→ ACTION ITEM: Give back the lines of the records exactly, starting at the first and ending at the one with "The pooling factor".

>>

(* Let $r>c>\nu$ and $0<t<r-\nu$, set $R=(r-c)/(r-\nu)$, $\gamma=t/(r-\nu)$, fix $\rho\in[0,1)$, and for each integer $n\ge1$ let $L_n=\sqrt{n/(1+(n-1)\rho)}$ and let $Y_n$ be the unique real solution of $$R=\gamma\,\Phi(Y_n)+(1-\gamma)\,\Phi(L_nY_n),$$ with $\Phi$ the standard normal cdf. If $R>1/2$ (over-mean problem), then $Y_1>Y_2>\dots>Y_n>\dots>0$. If $R<1/2$ (under-mean problem), then $Y_1<Y_2<\dots<Y_n<\dots<0$.
   Context: $Y_n$ is the standardized optimal common order quantity $(X_n-\mu)/\sigma$ of a transshipment coalition of $n$ identical newsvendors (selling price $r$, cost $c$, salvage value $\nu$, unit transportation cost $t$) facing jointly normal demands with mean $\mu$, standard deviation $\sigma$ and common pairwise correlation $\rho$. The right-hand side of the defining equation is strictly increasing in $Y_n$ from $0$ to $1$, so $Y_n$ is well defined. *)

theory Defs
  imports "HOL-Probability.Probability"
begin

definition Phi :: "real \<Rightarrow> real" where
  "Phi x = measure (density lborel std_normal_density) {..x}"

end

theory Submission imports Defs begin

text \<open>Write F_L(y) = mixed_Phi \<gamma> L y = \<gamma> \<Phi>(y) + (1 - \<gamma>) \<Phi>(L y), so that Y_n solves F_{L_n}(Y_n) = R.
  Each F_L is strictly increasing with F_L(0) = 1/2, so Y_n has the sign of R - 1/2.
  The pooling factor L_n = pooling_factor \<rho> n increases strictly with n, and for y > 0 a larger factor raises F_L(y);
  hence F_{L_{n+1}}(Y_n) > F_{L_n}(Y_n) = R = F_{L_{n+1}}(Y_{n+1}), i.e. Y_{n+1} < Y_n.
  For y < 0 all these inequalities reverse.\<close>

abbreviation std_normal_distr :: "real measure" where
  "std_normal_distr \<equiv> density lborel (\<lambda>x. ennreal (std_normal_density x))"

lemma prob_space_std_normal_distr: "prob_space std_normal_distr"
  using prob_space_normal_density by simp

lemma emeasure_std_normal_distr:
  "A \<in> sets borel \<Longrightarrow>
    emeasure std_normal_distr A = (\<integral>\<^sup>+ x. ennreal (std_normal_density x) * indicator A x \<partial>lborel)"
  by (subst emeasure_density) auto

lemma measure_std_normal_distr_Ioc_pos:
  assumes "x < y"
  shows "0 < measure std_normal_distr {x<..y}"
proof -
  define c where "c = std_normal_density (\<bar>x\<bar> + \<bar>y\<bar>)"
  have "c > 0" unfolding c_def by (simp add: normal_density_pos)
  have lower_bound: "ennreal c * indicator {x<..y} z
      \<le> ennreal (std_normal_density z) * indicator {x<..y} z" for z
  proof (cases "z \<in> {x<..y}")
    case True
    then have "z\<^sup>2 \<le> (\<bar>x\<bar> + \<bar>y\<bar>)\<^sup>2"
      by (intro abs_le_square_iff[THEN iffD1]) auto
    then have "c \<le> std_normal_density z"
      unfolding c_def std_normal_density_def by (intro mult_left_mono) auto
    then show ?thesis using True by (simp add: ennreal_leI)
  qed auto
  have "ennreal c * ennreal (y - x) = (\<integral>\<^sup>+ z. ennreal c * indicator {x<..y} z \<partial>lborel)"
    using assms by (simp add: nn_integral_cmult_indicator)
  also have "\<dots> \<le> emeasure std_normal_distr {x<..y}"
    by (subst emeasure_std_normal_distr) (auto intro!: nn_integral_mono lower_bound)
  finally have "0 < emeasure std_normal_distr {x<..y}"
    using \<open>c > 0\<close> assms
    by (metis ennreal_zero_less_mult_iff ennreal_less_zero_iff diff_gt_0_iff_gt order_less_le_trans)
  then show ?thesis
    using prob_space.finite_measure[OF prob_space_std_normal_distr]
    by (simp add: finite_measure.emeasure_eq_measure)
qed

lemma strict_mono_Phi: "strict_mono Phi"
proof
  fix x y :: real
  assume "x < y"
  interpret prob_space std_normal_distr by (rule prob_space_std_normal_distr)
  have "{..y} = {..x} \<union> {x<..y}" using \<open>x < y\<close> by auto
  moreover have "measure std_normal_distr ({..x} \<union> {x<..y})
      = measure std_normal_distr {..x} + measure std_normal_distr {x<..y}"
    by (rule finite_measure_Union) auto
  ultimately have "measure std_normal_distr {..y}
      = measure std_normal_distr {..x} + measure std_normal_distr {x<..y}"
    by simp
  then show "Phi x < Phi y"
    unfolding Phi_def using measure_std_normal_distr_Ioc_pos[OF \<open>x < y\<close>] by simp
qed

lemma emeasure_std_normal_distr_atMost_0:
  "emeasure std_normal_distr {..0} = emeasure std_normal_distr {0..}"
proof -
  have "emeasure std_normal_distr {..0}
      = (\<integral>\<^sup>+ x. ennreal (std_normal_density x) * indicator {..0} x \<partial>lborel)"
    by (rule emeasure_std_normal_distr) auto
  also have "\<dots> = ennreal \<bar>-1\<bar> * (\<integral>\<^sup>+ x. ennreal (std_normal_density (0 + -1 * x))
      * indicator {..0} (0 + -1 * x) \<partial>lborel)"
    by (rule nn_integral_real_affine) auto
  also have "\<dots> = (\<integral>\<^sup>+ x. ennreal (std_normal_density x) * indicator {0..} x \<partial>lborel)"
    by (auto intro!: nn_integral_cong simp: std_normal_density_def split: split_indicator)
  also have "\<dots> = emeasure std_normal_distr {0..}"
    by (rule emeasure_std_normal_distr[symmetric]) auto
  finally show ?thesis .
qed

lemma Phi_0: "Phi 0 = 1/2"
proof -
  interpret prob_space std_normal_distr by (rule prob_space_std_normal_distr)
  have "emeasure std_normal_distr {0} = ennreal (std_normal_density 0) * emeasure lborel {0::real}"
    by (subst emeasure_std_normal_distr)
       (auto intro!: nn_integral_cong simp: nn_integral_cmult_indicator split: split_indicator)
  then have "measure std_normal_distr {0} = 0" by (simp add: measure_def)
  moreover have "measure std_normal_distr ({0} \<union> {0<..})
      = measure std_normal_distr {0} + measure std_normal_distr {0<..}"
    and "measure std_normal_distr ({..0} \<union> {0<..})
      = measure std_normal_distr {..0} + measure std_normal_distr {0<..}"
    by (rule finite_measure_Union; auto)+
  moreover have "{0::real..} = {0} \<union> {0<..}" and "{..0} \<union> {0<..} = (UNIV :: real set)" by auto
  ultimately have "measure std_normal_distr {0..} = measure std_normal_distr {0<..}"
    and "1 = measure std_normal_distr {..0} + measure std_normal_distr {0<..}"
    using prob_space by simp_all
  moreover have "measure std_normal_distr {..0} = measure std_normal_distr {0..}"
    using emeasure_std_normal_distr_atMost_0 by (simp add: measure_def)
  ultimately show ?thesis unfolding Phi_def by simp
qed

definition mixed_Phi :: "real \<Rightarrow> real \<Rightarrow> real \<Rightarrow> real" where
  "mixed_Phi \<gamma> L y = \<gamma> * Phi y + (1 - \<gamma>) * Phi (L * y)"

lemma mixed_Phi_0: "mixed_Phi \<gamma> L 0 = 1/2"
  by (simp add: mixed_Phi_def Phi_0 field_simps)

lemma strict_mono_mixed_Phi:
  assumes "0 < \<gamma>" "\<gamma> \<le> 1" "0 \<le> L"
  shows "strict_mono (mixed_Phi \<gamma> L)"
proof
  fix y y' :: real
  assume "y < y'"
  then have "Phi y < Phi y'" and "Phi (L * y) \<le> Phi (L * y')"
    using assms strict_mono_Phi by (auto simp: strict_mono_less strict_mono_less_eq mult_left_mono)
  then show "mixed_Phi \<gamma> L y < mixed_Phi \<gamma> L y'"
    unfolding mixed_Phi_def using assms by (intro add_less_le_mono mult_left_mono) auto
qed

lemma mixed_Phi_less_factor_pos:
  assumes "\<gamma> < 1" "L < L'" "0 < y"
  shows "mixed_Phi \<gamma> L y < mixed_Phi \<gamma> L' y"
  unfolding mixed_Phi_def using assms strict_mono_Phi by (simp add: strict_mono_less)

lemma mixed_Phi_less_factor_neg:
  assumes "\<gamma> < 1" "L < L'" "y < 0"
  shows "mixed_Phi \<gamma> L' y < mixed_Phi \<gamma> L y"
  unfolding mixed_Phi_def using assms strict_mono_Phi by (simp add: strict_mono_less)

lemma mixed_Phi_roots_over_half:
  assumes "0 < \<gamma>" "\<gamma> < 1" "0 \<le> L" "L < L'"
    and "mixed_Phi \<gamma> L y = R" "mixed_Phi \<gamma> L' y' = R" "1/2 < R"
  shows "y' < y \<and> 0 < y"
proof
  have mono: "strict_mono (mixed_Phi \<gamma> L)" "strict_mono (mixed_Phi \<gamma> L')"
    using assms by (simp_all add: strict_mono_mixed_Phi)
  show "0 < y"
    using assms strict_mono_less[OF mono(1), of 0 y] by (simp add: mixed_Phi_0)
  then have "mixed_Phi \<gamma> L' y' < mixed_Phi \<gamma> L' y"
    using assms mixed_Phi_less_factor_pos by metis
  then show "y' < y" using strict_mono_less[OF mono(2)] by blast
qed

lemma mixed_Phi_roots_under_half:
  assumes "0 < \<gamma>" "\<gamma> < 1" "0 \<le> L" "L < L'"
    and "mixed_Phi \<gamma> L y = R" "mixed_Phi \<gamma> L' y' = R" "R < 1/2"
  shows "y < y' \<and> y < 0"
proof
  have mono: "strict_mono (mixed_Phi \<gamma> L)" "strict_mono (mixed_Phi \<gamma> L')"
    using assms by (simp_all add: strict_mono_mixed_Phi)
  show "y < 0"
    using assms strict_mono_less[OF mono(1), of y 0] by (simp add: mixed_Phi_0)
  then have "mixed_Phi \<gamma> L' y < mixed_Phi \<gamma> L' y'"
    using assms mixed_Phi_less_factor_neg by metis
  then show "y < y'" using strict_mono_less[OF mono(2)] by blast
qed

definition pooling_factor :: "real \<Rightarrow> nat \<Rightarrow> real" where
  "pooling_factor \<rho> n = sqrt (real n / (1 + (real n - 1) * \<rho>))"

lemma strict_mono_pooling_factor:
  assumes "0 \<le> \<rho>" "\<rho> < 1"
  shows "strict_mono (pooling_factor \<rho>)"
proof (rule strict_mono_Suc_iff[THEN iffD2], intro allI)
  fix n :: nat
  have "1 + (real n - 1) * \<rho> > 0"
    using assms by (cases n) (auto simp: add_pos_nonneg)
  moreover have "1 + real n * \<rho> > 0"
    using assms by (simp add: add_pos_nonneg)
  moreover have "real n * (1 + real n * \<rho>) < (real n + 1) * (1 + (real n - 1) * \<rho>)"
    using assms by (simp add: algebra_simps)
  ultimately have "real n / (1 + (real n - 1) * \<rho>) < (real n + 1) / (1 + real n * \<rho>)"
    by (simp add: divide_simps)
  then show "pooling_factor \<rho> n < pooling_factor \<rho> (Suc n)"
    unfolding pooling_factor_def by (simp add: add.commute)
qed

lemma pooling_factor_nonneg:
  assumes "0 \<le> \<rho>" "\<rho> < 1"
  shows "0 \<le> pooling_factor \<rho> n"
  using strict_mono_less_eq[OF strict_mono_pooling_factor[OF assms], of 0 n]
  by (simp add: pooling_factor_def)

theorem theorem3:
  fixes r c \<nu> t \<rho> :: real and Y :: "nat \<Rightarrow> real"
  assumes "r > c" and "c > \<nu>" and "0 < t" and "t < r - \<nu>"
    and "0 \<le> \<rho>" and "\<rho> < 1"
    and Y_eq: "\<forall>n\<ge>1. (r - c) / (r - \<nu>) =
        (t / (r - \<nu>)) * Phi (Y n)
        + (1 - t / (r - \<nu>)) * Phi (sqrt (real n / (1 + (real n - 1) * \<rho>)) * Y n)"
  shows "((r - c) / (r - \<nu>) > 1/2 \<longrightarrow> (\<forall>n\<ge>1. Y (Suc n) < Y n \<and> 0 < Y n))
       \<and> ((r - c) / (r - \<nu>) < 1/2 \<longrightarrow> (\<forall>n\<ge>1. Y n < Y (Suc n) \<and> Y n < 0))"
proof -
  define R where "R = (r - c) / (r - \<nu>)"
  define \<gamma> where "\<gamma> = t / (r - \<nu>)"
  have "0 < \<gamma>" "\<gamma> < 1"
    using assms unfolding \<gamma>_def by (auto simp: divide_simps)
  have root: "mixed_Phi \<gamma> (pooling_factor \<rho> n) (Y n) = R" if "n \<ge> 1" for n
    using Y_eq that unfolding R_def \<gamma>_def mixed_Phi_def pooling_factor_def by auto
  have factor: "0 \<le> pooling_factor \<rho> n" "pooling_factor \<rho> n < pooling_factor \<rho> (Suc n)" for n
    using assms pooling_factor_nonneg strict_mono_pooling_factor by (auto simp: strict_mono_Suc_iff)
  show ?thesis
    unfolding R_def[symmetric]
    using mixed_Phi_roots_over_half[OF \<open>0 < \<gamma>\<close> \<open>\<gamma> < 1\<close> factor root root]
      mixed_Phi_roots_under_half[OF \<open>0 < \<gamma>\<close> \<open>\<gamma> < 1\<close> factor root root]
    by simp
qed

end
section \<open>Strong Delta-matroids\<close>

definition strong_exchange :: "'a set set \<Rightarrow> bool" where
  "strong_exchange Bs \<longleftrightarrow>
    (\<forall>B\<in>Bs. \<forall>B'\<in>Bs. \<forall>x\<in>B \<triangle> B'. \<exists>y\<in>B \<triangle> B'. B \<triangle> {x, y} \<in> Bs \<and> B' \<triangle> {x, y} \<in> Bs)"

lemma strong_delta_matroid_iff:
  "strong_delta_matroid E Bs \<longleftrightarrow> finite E \<and> Bs \<noteq> {} \<and> (\<forall>B\<in>Bs. B \<subseteq> E) \<and> strong_exchange Bs"
  unfolding strong_delta_matroid_def strong_exchange_def ..

lemma strong_exchange_DA_bases_char2:
  fixes A :: "'a \<Rightarrow> 'a \<Rightarrow> 'k::field"
  assumes "CHAR('k) = 2" "finite E" "symmetric_on E A"
  shows "strong_exchange (DA_bases E A)"
  unfolding strong_exchange_def
proof (intro ballI)
  fix I J x assume "I \<in> DA_bases E A" "J \<in> DA_bases E A" and x: "x \<in> I \<triangle> J"
  then have I: "I \<subseteq> E" "principal_det A I \<noteq> 0" and J: "J \<subseteq> E" "principal_det A J \<noteq> 0"
    by (simp_all add: DA_bases_def)
  then obtain y where y: "y \<in> I \<triangle> J"
    "principal_det A (I \<triangle> {x, y}) \<noteq> 0" "principal_det A (J \<triangle> {x, y}) \<noteq> 0"
    using principal_det_exchange_char2[OF assms I(1) J(1) I(2) J(2) x] by blast
  have "{x, y} \<subseteq> E" using x y(1) I(1) J(1) by (auto simp: symdiff_def)
  then show "\<exists>y\<in>I \<triangle> J. I \<triangle> {x, y} \<in> DA_bases E A \<and> J \<triangle> {x, y} \<in> DA_bases E A"
    using y I(1) J(1) by (auto simp: DA_bases_def symdiff_def)
qed
(* Let $l:\mathbb{R}^p\to\mathbb{R}$ be a convex and differentiable function, let $\lambda_1\ge\lambda_2\ge\dots\ge\lambda_p\ge 0$ be arbitrary, and let $$\hat b\in\operatorname{argmin}_{b\in\mathbb{R}^p}\Big\{l(b)+\sum_{i=1}^p\lambda_i|b|_{(i)}\Big\}.$$ Let $R=\#\{i:\hat b_i\neq 0\}$, $U(b)=-\nabla l(b)$, and for $a>0$ let $T(a)=U(\hat b)+a\hat b$. Then for any $a>0$ and any $r\in\{1,\dots,p\}$, $$R=r \iff T(a)\in H_r.$$
   Context: $|w|_{(1)}\ge\dots\ge|w|_{(p)}$ denote the ordered absolute values of the entries of $w\in\mathbb{R}^p$. For $r\in\{1,\dots,p\}$, $$H_r=\Big\{w\in\mathbb{R}^p:\ \forall_{j\le r}\ \sum_{i=j}^r\lambda_i<\sum_{i=j}^r|w|_{(i)}\ \text{ and }\ \forall_{j\ge r+1}\ \sum_{i=r+1}^j\lambda_i\ge\sum_{i=r+1}^j|w|_{(i)}\Big\}.$$ *)

theory Defs
  imports "HOL-Analysis.Analysis" "HOL-Library.Multiset"
begin

definition ord_abs :: "real^'n \<Rightarrow> nat \<Rightarrow> real" where
  "ord_abs w i = rev (sorted_list_of_multiset (image_mset (\<lambda>j. \<bar>w $ j\<bar>) (mset_set (UNIV :: 'n set)))) ! (i - 1)"

definition slope_pen :: "(nat \<Rightarrow> real) \<Rightarrow> real^'n \<Rightarrow> real" where
  "slope_pen lam b = (\<Sum>i=1..CARD('n). lam i * ord_abs b i)"
lemma indep_vars_gauss_space_coordinates:
  "prob_space.indep_vars (gauss_space p n) (\<lambda>_. borel) (\<lambda>xs G. G xs) (idx p n)"
proof -
  interpret prob_space "gauss_space p n" by (rule prob_space_gauss_space)
  show ?thesis
  proof (cases "idx p n = {}")
    case True
    then show ?thesis by (simp add: indep_vars_def indep_sets_def)
  next
    case False
    have rv: "random_variable borel (\<lambda>G. G xs)" if "xs \<in> idx p n" for xs
      unfolding gauss_space_def using that
      by (simp add: measurable_component_singleton cong: measurable_cong_sets)
    have "distr (gauss_space p n) (\<Pi>\<^sub>M xs\<in>idx p n. borel) (\<lambda>G. \<lambda>xs\<in>idx p n. G xs) =
          distr (gauss_space p n) (\<Pi>\<^sub>M xs\<in>idx p n. borel) (\<lambda>G. G)"
      by (intro distr_cong refl) (auto simp: gauss_space_def space_PiM PiE_def extensional_restrict)
    also have "\<dots> = gauss_space p n"
      unfolding gauss_space_def by (intro distr_id2 sets_PiM_cong) auto
    also have "\<dots> = (\<Pi>\<^sub>M xs\<in>idx p n. distr (gauss_space p n) borel (\<lambda>G. G xs))"
      by (subst (1) gauss_space_def) (intro PiM_cong refl gauss_space_coordinate_distr[symmetric])
    finally show ?thesis
      using indep_vars_iff_distr_eq_PiM'[OF False rv] by simp
  qed
qed

lemma permutations_of_multiset_subset_idx:
  assumes "size N = p" "set_mset N \<subseteq> {..<n}"
  shows "permutations_of_multiset N \<subseteq> idx p n"
proof
  fix xs assume "xs \<in> permutations_of_multiset N"
  then have "mset xs = N" by (rule permutations_of_multisetD)
  then show "xs \<in> idx p n" using assms by (auto simp: idx_def)
qed

lemma wig_entry_distributed:
  assumes "length L = p" "set L \<subseteq> {..<n}"
  shows "distributed (gauss_space p n) lborel (\<lambda>G. wig p G L)
           (normal_density 0 (sqrt (\<Prod>x\<in>set_mset (mset L). fact (count (mset L) x))))"
proof -
  interpret prob_space "gauss_space p n" by (rule prob_space_gauss_space)
  let ?P = "permutations_of_multiset (mset L)"
  define s :: real where "s = (\<Prod>x\<in>set_mset (mset L). fact (count (mset L) x))"
  define c :: real where "c = card ?P"
  have "?P \<subseteq> idx p n"
    using permutations_of_multiset_subset_idx[of "mset L" p n] assms by simp
  then have "distributed (gauss_space p n) lborel (\<lambda>G. \<Sum>xs\<in>?P. G xs)
          (normal_density (\<Sum>xs\<in>?P. 0) (sqrt (\<Sum>xs\<in>?P. 1\<^sup>2)))"
    by (intro sum_indep_normal[where X = "\<lambda>xs G. G xs"])
       (auto intro: indep_vars_subset[OF indep_vars_gauss_space_coordinates]
          gauss_space_coordinate_distributed)
  then have sum_normal: "distributed (gauss_space p n) lborel (\<lambda>G. \<Sum>xs\<in>?P. G xs)
          (normal_density 0 (sqrt c))"
    by (simp add: c_def)
  have s_pos: "s > 0" and c_pos: "c > 0"
    by (auto simp: s_def c_def card_gt_0_iff intro: prod_pos)
  have "real (card ?P * (\<Prod>x\<in>set_mset (mset L). fact (count (mset L) x))) = fact p"
    using card_permutations_of_multiset_aux[of "mset L"] assms(1) by simp
  then have "sqrt (fact p) = sqrt s * sqrt c"
    by (simp add: s_def c_def mult.commute flip: real_sqrt_mult)
  then have "s / sqrt (fact p) * sqrt c = sqrt s"
    using s_pos c_pos by (simp add: field_simps)
  moreover have "(\<lambda>G. wig p G L) = (\<lambda>G. 0 + s / sqrt (fact p) * (\<Sum>xs\<in>?P. G xs))"
    using wig_eq_sum_permutations_of_multiset[OF assms(1)] by (simp add: s_def)
  ultimately show ?thesis
    using normal_density_affine[OF sum_normal, of "s / sqrt (fact p)" 0] s_pos c_pos
    by (simp add: s_def)
qed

<<

→ SOLUTION BELOW:
(* Let $r>c>\nu$ and $0<t<r-\nu$, set $R=(r-c)/(r-\nu)$, $\gamma=t/(r-\nu)$, fix $\rho\in[0,1)$, and for each integer $n\ge1$ let $L_n=\sqrt{n/(1+(n-1)\rho)}$ and let $Y_n$ be the unique real solution of $$R=\gamma\,\Phi(Y_n)+(1-\gamma)\,\Phi(L_nY_n),$$ with $\Phi$ the standard normal cdf. If $R>1/2$ (over-mean problem), then $Y_1>Y_2>\dots>Y_n>\dots>0$. If $R<1/2$ (under-mean problem), then $Y_1<Y_2<\dots<Y_n<\dots<0$.
   Context: $Y_n$ is the standardized optimal common order quantity $(X_n-\mu)/\sigma$ of a transshipment coalition of $n$ identical newsvendors (selling price $r$, cost $c$, salvage value $\nu$, unit transportation cost $t$) facing jointly normal demands with mean $\mu$, standard deviation $\sigma$ and common pairwise correlation $\rho$. The right-hand side of the defining equation is strictly increasing in $Y_n$ from $0$ to $1$, so $Y_n$ is well defined. *)

theory Defs
  imports "HOL-Probability.Probability"
begin

definition Phi :: "real \<Rightarrow> real" where
  "Phi x = measure (density lborel std_normal_density) {..x}"

end

theory Submission imports Defs begin

text \<open>Write F_L(y) = mixed_Phi \<gamma> L y = \<gamma> \<Phi>(y) + (1 - \<gamma>) \<Phi>(L y), so that Y_n solves F_{L_n}(Y_n) = R.
  Each F_L is strictly increasing with F_L(0) = 1/2, so Y_n has the sign of R - 1/2.
  The pooling factor L_n = pooling_factor \<rho> n increases strictly with n, and for y > 0 a larger factor raises F_L(y);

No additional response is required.